Here are some common misconceptions about the NCND form:

  • Misconception 1: The NCND form is optional and can be ignored.
  • This is incorrect. The NCND form serves a critical purpose in business transactions. It protects the interests of all parties involved by ensuring that introductions and referrals are acknowledged and compensated appropriately. Ignoring it can lead to disputes and lost opportunities.

  • Misconception 2: Signing the NCND form means you cannot work with anyone else.
  • While the NCND form restricts direct dealings with introduced parties without consent, it does not prevent you from pursuing other business relationships. You can still operate freely, but you must respect the agreements made regarding introductions.

  • Misconception 3: The NCND form is only for large businesses.
  • This form is beneficial for businesses of all sizes. Whether you are a small startup or a large corporation, protecting your introductions and referrals is essential. The NCND form ensures that all parties are treated fairly, regardless of their size.
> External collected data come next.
lemma pair_mono_monic:
  assumes "finite S" and "\<alpha> \<notin> S" and "p \<alpha> = 1" and "\<And>\<gamma>. \<gamma> \<notin> insert \<alpha> S \<Longrightarrow> p \<gamma> = 0"
  shows "pair_mono u p \<beta> = u (madd \<alpha> \<beta>) + (\<Sum>\<gamma>\<in>S. u (madd \<beta> \<gamma>) * p \<gamma>)"
proof -
  have "pair_mono u p \<beta> = (\<Sum>\<gamma>\<in>insert \<alpha> S. p \<gamma> * u (madd \<gamma> \<beta>))"
    by (rule pair_mono_eq_sum) (use assms in auto)
  also have "\<dots> = u (madd \<alpha> \<beta>) + (\<Sum>\<gamma>\<in>S. u (madd \<beta> \<gamma>) * p \<gamma>)"
    using assms by (simp add: madd_commute mult.commute)
  finally show ?thesis .
qed

lemma ex_is_mop:
  assumes qd: "quasi_definite (u::'n::finite lfun)"
  shows "\<exists>p. is_mop u \<alpha> p"
proof -
  define S where "S = {\<gamma>::'n mi. mdeg \<gamma> < mdeg \<alpha>}"
  have finS: "finite S" unfolding S_def by (rule finite_mdeg_less)
  have aS: "\<alpha> \<notin> S" by (simp add: S_def)
  have dS: "det_on S (\<lambda>\<beta> \<gamma>. u (madd \<beta> \<gamma>)) \<noteq> 0"
    unfolding S_def by (rule quasi_definite_det_mdeg_less[OF qd])
  obtain c where c: "\<forall>\<beta>\<in>S. (\<Sum>\<gamma>\<in>S. u (madd \<beta> \<gamma>) * c \<gamma>) = - u (madd \<alpha> \<beta>)"
    using det_on_nonzero_solvable[OF finS dS, where b = "\<lambda>\<beta>. - u (madd \<alpha> \<beta>)"] by blast
  define p where "p \<gamma> = (if \<gamma> = \<alpha> then 1 else if \<gamma> \<in> S then c \<gamma> else 0)" for \<gamma>
  have p1: "p \<alpha> = 1" and p0: "\<And>\<gamma>. \<gamma> \<notin> insert \<alpha> S \<Longrightarrow> p \<gamma> = 0"
    by (simp_all add: p_def)
  have "is_mop u \<alpha> p"
    unfolding is_mop_def
  proof (intro conjI allI impI)
    show "is_poly p" unfolding is_poly_def psupp_def
      by (rule finite_subset[of _ "insert \<alpha> S"]) (use finS p0 in auto)
    show "p \<alpha> = 1" by (rule p1)
    show "p \<gamma> = 0" if "\<gamma> \<noteq> \<alpha> \<and> mdeg \<alpha> \<le> mdeg \<gamma>" for \<gamma>
      using that by (simp add: p_def S_def)
    show "pair_mono u p \<beta> = 0" if "mdeg \<beta> < mdeg \<alpha>" for \<beta>
    proof -
      have "(\<Sum>\<gamma>\<in>S. u (madd \<beta> \<gamma>) * p \<gamma>) = (\<Sum>\<gamma>\<in>S. u (madd \<beta> \<gamma>) * c \<gamma>)"
        by (intro sum.cong) (auto simp: p_def S_def)
      then show ?thesis
        using pair_mono_monic[of S \<alpha> p u \<beta>, OF finS aS p1 p0] c that by (simp add: S_def)
    qed
  qed
  then show ?thesis by blast
qed

lemma is_mop_unique:
  assumes qd: "quasi_definite (u::'n::finite lfun)" and p: "is_mop u \<alpha> p" and q: "is_mop u \<alpha> q"
  shows "p = q"
proof -
  define S where "S = {\<gamma>::'n mi. mdeg \<gamma> < mdeg \<alpha>}"
  have finS: "finite S" unfolding S_def by (rule finite_mdeg_less)
  have aS: "\<alpha> \<notin> S" by (simp add: S_def)
  have dS: "det_on S (\<lambda>\<beta> \<gamma>. u (madd \<beta> \<gamma>)) \<noteq> 0"
    unfolding S_def by (rule quasi_definite_det_mdeg_less[OF qd])
  have p1: "p \<alpha> = 1" and q1: "q \<alpha> = 1" using p q by (auto simp: is_mop_def)
  have p0: "\<And>\<gamma>. \<gamma> \<notin> insert \<alpha> S \<Longrightarrow> p \<gamma> = 0" and q0: "\<And>\<gamma>. \<gamma> \<notin> insert \<alpha> S \<Longrightarrow> q \<gamma> = 0"
    using p q by (auto simp: is_mop_def S_def)
  have "(\<Sum>\<gamma>\<in>S. u (madd \<beta> \<gamma>) * (p \<gamma> - q \<gamma>)) = 0" if \<beta>: "\<beta> \<in> S" for \<beta>
  proof -
    have "pair_mono u p \<beta> = pair_mono u q \<beta>"
      using p q \<beta> by (auto simp: is_mop_def S_def)
    then have "(\<Sum>\<gamma>\<in>S. u (madd \<beta> \<gamma>) * p \<gamma>) = (\<Sum>\<gamma>\<in>S. u (madd \<beta> \<gamma>) * q \<gamma>)"
      using pair_mono_monic[of S \<alpha> p u \<beta>, OF finS aS p1 p0]
        pair_mono_monic[of S \<alpha> q u \<beta>, OF finS aS q1 q0]
      by simp
    then show ?thesis by (simp add: right_diff_distrib sum_subtractf)
  qed
  then have "p \<gamma> - q \<gamma> = 0" if "\<gamma> \<in> S" for \<gamma>
    using det_on_nonzero_kernel[OF finS dS, of "\<lambda>\<gamma>. p \<gamma> - q \<gamma>"] that by blast
  then show "p = q" using p0 q0 p1 q1 by (metis eq_iff_diff_eq_0 insert_iff ext)
qed
lemma hit_prob_le_of_stay_prob:
  assumes "T \<in> sets borel" and stay: "\<And>n. 1 - \<epsilon> \<le> stay_prob (Px z) n (- T)"
  shows "hit_prob T z a \<le> \<epsilon>"
proof (rule LIMSEQ_le_const2)
  show "(\<lambda>b. measure (Px z) (visits T a b)) \<longlonglongrightarrow> hit_prob T z a"
    using tendsto_prob_visits[of UNIV z T a] assms by (simp add: hit_prob_def)
  interpret P: prob_space "Px z" by simp
  have "measure (Px z) (visits T a b) \<le> \<epsilon>" for b
  proof -
    have "visits T a b \<subseteq> visits T 0 b"
      by (auto simp: visits_def)
    then have "measure (Px z) (visits T a b) \<le> measure (Px z) (visits T 0 b)"
      using assms by (intro P.finite_measure_mono) auto
    also have "\<dots> = 1 - stay_prob (Px z) b (- T)"
      using assms by (simp add: prob_visits stay_prob_eq_cylinder)
    finally show ?thesis
      using stay[of b] by simp
  qed
  then show "\<exists>N. \<forall>b\<ge>N. measure (Px z) (visits T a b) \<le> \<epsilon>"
    by blast
qed

lemma hit_prob_le_of_exit_prob:
  assumes "S \<in> sets borel" "T \<in> sets borel" "0 \<le> c" "0 \<le> p"
    and outside: "\<And>z b. z \<notin> S \<Longrightarrow> m \<le> b \<Longrightarrow> hit_prob T z b \<le> c"
    and exit: "\<And>z. z \<in> S - R \<Longrightarrow> 1 - p \<le> exit_prob (Px z) n S"
    and "z \<notin> R" "m + n \<le> a"
  shows "hit_prob T z a \<le> c + p"
proof (cases "z \<in> S")
  case True
  have "hit_prob T z a \<le> c * exit_prob (Px z) n S + 1 * stay_prob (Px z) n S"
    using assms by (intro hit_prob_first_exit_le) (auto intro: hit_prob_le_1)
  also have "\<dots> = c * exit_prob (Px z) n S + (1 - exit_prob (Px z) n S)"
    using assms by (simp add: exit_prob_eq_1_minus_stay_prob)
  also have "\<dots> \<le> c + p"
    using exit[of z] True \<open>z \<notin> R\<close> mult_left_le[OF exit_prob_le_1[of z n S] \<open>0 \<le> c\<close>] by simp
  finally show ?thesis .
next
  case False
  then have "hit_prob T z a \<le> c"
    using outside[of z a] \<open>m + n \<le> a\<close> by simp
  then show ?thesis
    using \<open>0 \<le> p\<close> by simp
qed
  • Misconception 4: The NCND form is only about confidentiality.
  • While confidentiality is a significant aspect, the NCND form also addresses non-circumvention and payment of fees. It is a comprehensive agreement that covers multiple facets of business transactions, ensuring that all parties are adequately protected.

Key takeaways

When filling out and using the NCND form, consider the following key takeaways:

  • Understand the Agreement's Purpose: The NCND form is designed to protect the interests of parties involved in business transactions by ensuring that introductions and referrals are respected and compensated appropriately.
  • Maintain Confidentiality: Each party must keep all confidential information private. This includes sensitive details about contacts and transactions. Disclosure without written consent is prohibited.
  • Follow the Terms: The agreement is irrevocable and non-cancelable for five years. It applies to all transactions resulting from introductions made under this agreement, regardless of whether those transactions are successful.
  • Legal Obligations: If disputes arise, they must be resolved through arbitration in Denver, Colorado. Each party is responsible for their legal fees if they prevail in any legal action.